Grace: To know the mercy of the Father and His unconditional love for me in the midst of my sinfulness.
Text for Prayer: Lk. 15:11-32
Reflection: Jesus’ story of the prodigal son provides a uniquely comprehensive vision of the nature of our own sinfulness, the mercy of our heavenly Father even in light of that sinfulness, and the beauty of the encounter when we finally come home to that mercy.
To start with, it is good to note that for the son to go and ask for his inheritance while his father is still alive is effectively proclaiming to the father that he might as well be dead as far as he is concerned. The radical selfishness that takes over the son’s desires has no room for concern for anyone else, including the one who gave him life itself. The son proceeds to operate unhesitatingly according to this self-centered worldview as he goes to a “far off country”—far from home and far from the source of his life.

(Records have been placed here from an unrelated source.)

(* Let $0<\alpha\le1$ and let $f=f(t,v)$, $u=u(t,v)$ satisfy $f(t,v)\ge0$ and $u(0,v)\le0$ for $t>0$ and almost all $v\in\mathbb{R}^3$. Assume that for some $0<R<\infty$ and all $t>0$, $$\partial_t u-Q(f,u)\le0\ \text{ on } \{|v|>R\},\qquad u\le0\ \text{ on } \{0\le|v|\le R\}.$$ Then $u\le0$ for $t>0$ and almost all $v\in\mathbb{R}^3$.
   Context: $\beta=\frac{1+\alpha}{2}$, $\mathbb{S}^2_+$ a hemisphere, and for $v,v_*\in\mathbb{R}^3$, $n\in\mathbb{S}^2_+$, $v'=v-\beta((v-v_* )\cdot n)n$. The (hard-sphere, inelastic with restitution coefficient $\alpha$) collision operator $Q(f,g)$ is defined by the weak form $$\int_{\mathbb{R}^3}Q(f,g)(v)\phi(v)\,dv=\int_{\mathbb{R}^3}\int_{\mathbb{R}^3}\int_{\mathbb{S}^2_+}|(v-v_* )\cdot n|\,f(v_* )g(v)\,(\phi(v')-\phi(v))\,dn\,dv_*\,dv$$ for test functions $\phi$; equivalently $Q(f,g)=Q^+(f,g)-g\,Lf$ with $Lf(v)=\pi\int|v-v_*|f(v_* )\,dv_*$ and $Q^+(f,g)(v)=\alpha^{-2}\int\int_{\mathbb{S}^2_+}|(v-v_* )\cdot n|f({}'v_* )g({}'v)\,dn\,dv_*$, where ${}'v=v-\gamma((v-v_* )\cdot n)n$, ${}'v_*=v_*+\gamma((v-v_* )\cdot n)n$, $\gamma=\frac12(1+\frac1\alpha)$. Functions are assumed regular enough for these expressions to make sense. *)

theory Defs
  imports "HOL-Analysis.Analysis"
begin

text \<open>Surface measure on the hemisphere S^2_+ = {n. norm n = 1, n$1 > 0} of the unit
  sphere in R^3, realised via the cone construction: sigma(A) = 3 * lambda({r x. 0<r<=1, x in A}),
  i.e. the push-forward of 3 times Lebesgue measure on the half unit ball under x -> x/|x|.
  Total mass = 2 pi.\<close>
definition hemisphere_measure :: "(real^3) measure" where
  "hemisphere_measure =
     distr (density lborel
              (\<lambda>x. ennreal 3 * indicator {x :: real^3. 0 < norm x \<and> norm x \<le> 1 \<and> 0 < x $ 1} x))
           borel (\<lambda>x. x /\<^sub>R norm x)"

definition post_vel :: "real \<Rightarrow> real^3 \<Rightarrow> real^3 \<Rightarrow> real^3 \<Rightarrow> real^3" where
  "post_vel \<alpha> v vs n = v - ((1 + \<alpha>) / 2) *\<^sub>R (((v - vs) \<bullet> n) *\<^sub>R n)"

definition Q_weak_rhs :: "real \<Rightarrow> (real^3 \<Rightarrow> real) \<Rightarrow> (real^3 \<Rightarrow> real) \<Rightarrow> (real^3 \<Rightarrow> real) \<Rightarrow> real" where
  "Q_weak_rhs \<alpha> f g \<phi> =
     (\<integral>v. (\<integral>vs. (\<integral>n. \<bar>(v - vs) \<bullet> n\<bar> * f vs * g v * (\<phi> (post_vel \<alpha> v vs n) - \<phi> v)
        \<partial>hemisphere_measure) \<partial>lborel) \<partial>lborel)"

definition is_Q :: "real \<Rightarrow> (real^3 \<Rightarrow> real) \<Rightarrow> (real^3 \<Rightarrow> real) \<Rightarrow> (real^3 \<Rightarrow> real) \<Rightarrow> bool" where
  "is_Q \<alpha> f g q \<longleftrightarrow>
     integrable lborel q \<and>
     (\<forall>\<phi> :: real^3 \<Rightarrow> real. \<phi> \<in> borel_measurable borel \<longrightarrow> bounded (range \<phi>) \<longrightarrow>
        (\<integral>v. q v * \<phi> v \<partial>lborel) = Q_weak_rhs \<alpha> f g \<phi>)"

end

theory Submission
  imports Defs
begin

text \<open>By the chain rule for the positive part, proved with C^1 approximations of x_+ and
  dominated convergence, for almost every v
  u(t,v)_+ = \<integral> over (0,t] of 1_{u(s,v) > 0} \<partial>_s u(s,v) ds.
  Integrating in v and exchanging the integrals, the mass of u(t)_+ is the time integral of
  \<integral> 1_{u > 0} \<partial>_s u dv. As u \<le> 0 on the ball, the set {u > 0} lies outside it, where
  \<partial>_s u \<le> Q(f,u). Testing the weak form of Q(f,u) with \<phi> = 1_{u > 0} gives the integrand
  |(v - v_*) \<cdot> n| f(v_*) u(v) (\<phi>(v') - \<phi>(v)), which is pointwise nonpositive because
  u(v) (\<phi>(v') - \<phi>(v)) \<le> 0 whatever v' is. Hence \<integral> u(t)_+ dv \<le> 0.\<close>


definition pos_sq :: "real \<Rightarrow> real" where
  "pos_sq x = (max 0 x)\<^sup>2"

lemma has_real_derivative_pos_sq: "(pos_sq has_real_derivative 2 * max 0 x) (at x)"
proof -
  consider "x < 0" | "x = 0" | "0 < x" by linarith
  then show ?thesis
  proof cases
    case 1
    have "((\<lambda>_. 0) has_real_derivative 2 * max 0 x) (at x)"
      using 1 by simp
    then show ?thesis
      by (rule has_field_derivative_transform_within_open[where S = "{..<0}"])
         (use 1 in \<open>auto simp: pos_sq_def\<close>)
  next
    case 2
    have "\<forall>z. pos_sq z - pos_sq 0 = max 0 z * (z - 0)"
      by (simp add: pos_sq_def max_def power2_eq_square)
    moreover have "isCont (max 0) (0::real)"
      by (intro continuous_intros)
    ultimately show ?thesis
      unfolding 2 CARAT_DERIV by auto
  next
    case 3
    have "((\<lambda>y. y\<^sup>2) has_real_derivative 2 * max 0 x) (at x)"
      using 3 by (auto intro!: derivative_eq_intros)
    then show ?thesis
      by (rule has_field_derivative_transform_within_open[where S = "{0<..}"])
         (use 3 in \<open>auto simp: pos_sq_def\<close>)
  qed
qed

text \<open>smooth_pos_part c x is the mean of max 0 over [x - c, x].\<close>

definition smooth_pos_part :: "real \<Rightarrow> real \<Rightarrow> real" where
  "smooth_pos_part c x = (pos_sq x - pos_sq (x - c)) / (2 * c)"

definition smooth_pos_part_deriv :: "real \<Rightarrow> real \<Rightarrow> real" where
  "smooth_pos_part_deriv c x = (max 0 x - max 0 (x - c)) / c"

lemma has_real_derivative_smooth_pos_part:
  "(smooth_pos_part c has_real_derivative smooth_pos_part_deriv c x) (at x)"
proof -
  have "((\<lambda>x. pos_sq (x - c)) has_real_derivative 2 * max 0 (x - c) * 1) (at x)"
    by (rule DERIV_chain2[OF has_real_derivative_pos_sq]) (auto intro!: derivative_eq_intros)
  then have "((\<lambda>x. (pos_sq x - pos_sq (x - c)) / (2 * c)) has_real_derivative
      (2 * max 0 x - 2 * max 0 (x - c) * 1) / (2 * c)) (at x)"
    by (intro DERIV_cdivide DERIV_diff has_real_derivative_pos_sq)
  moreover have "(2 * max 0 x - 2 * max 0 (x - c) * 1) / (2 * c) = smooth_pos_part_deriv c x"
    unfolding smooth_pos_part_deriv_def mult_1_right right_diff_distrib[symmetric]
    by (rule mult_divide_mult_cancel_left) simp
  ultimately show ?thesis
    unfolding smooth_pos_part_def[abs_def] by simp
qed

lemma smooth_pos_part_deriv_bounds:
  assumes "0 < c"
  shows "0 \<le> smooth_pos_part_deriv c x" "smooth_pos_part_deriv c x \<le> 1"
  using assms by (auto simp: smooth_pos_part_deriv_def max_def field_simps)

lemma smooth_pos_part_above_step:
  assumes "0 < c" "c < x"
  shows "smooth_pos_part c x = x - c / 2" "smooth_pos_part_deriv c x = 1"
  using assms by (auto simp: smooth_pos_part_def smooth_pos_part_deriv_def pos_sq_def
      power2_eq_square field_simps)

lemma smooth_pos_part_nonpos:
  assumes "0 < c" "x \<le> 0"
  shows "smooth_pos_part c x = 0" "smooth_pos_part_deriv c x = 0"
  using assms by (auto simp: smooth_pos_part_def smooth_pos_part_deriv_def pos_sq_def)

lemma eventually_inverse_Suc_less:
  "0 < (x::real) \<Longrightarrow> eventually (\<lambda>i. inverse (real (Suc i)) < x) sequentially"
  using order_tendstoD(2)[OF LIMSEQ_inverse_real_of_nat] by simp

This selfishness, taken to its logical end, concludes in misery. Sooner or later, we all “bottom out” when we live according to that mode of selfishness. The vividness of the scene where the son is stuck with the pigs and longing for what they feed upon conjures up in us the utterly pathetic state in which we are left when we have so totally turned in on ourselves and turned away from the love of God in our own lives. It is a pitiful place to be in and it can look like there is no way out of it. Only in this moment of “hitting rock bottom” is the son prepared to receive the mercy that the Father has desired to offer him since the first moment he turned away.
The Father, who has apparently been scanning the horizon all the while looking for his lost son, rushes out to meet him. That is the heart of the Father that Jesus reveals to us. The son can’t even get his speech out of his mouth. The father’s mercy envelops him before he can even utter the words seeking some degree of forgiveness and toleration from his Father. The father responds with much more than toleration—he restores him to a dignity greater than any he had apparently ever enjoyed—robing him in glory and majesty and initiating a great feast.
Questions: When have I experienced this kind of mercy? When have I shown it? Remember and re-visit the conditions, what it felt like. Am I in the midst of a situation of shame and regret right now that seems too great to overcome? Am I stuck with the swine somehow, wondering what it would be like to “go home”? Is there a prompting in my heart in this direction? Is there another person in my life who might be liberated and lifted up if I showed him or her a taste of this same mercy of the Father?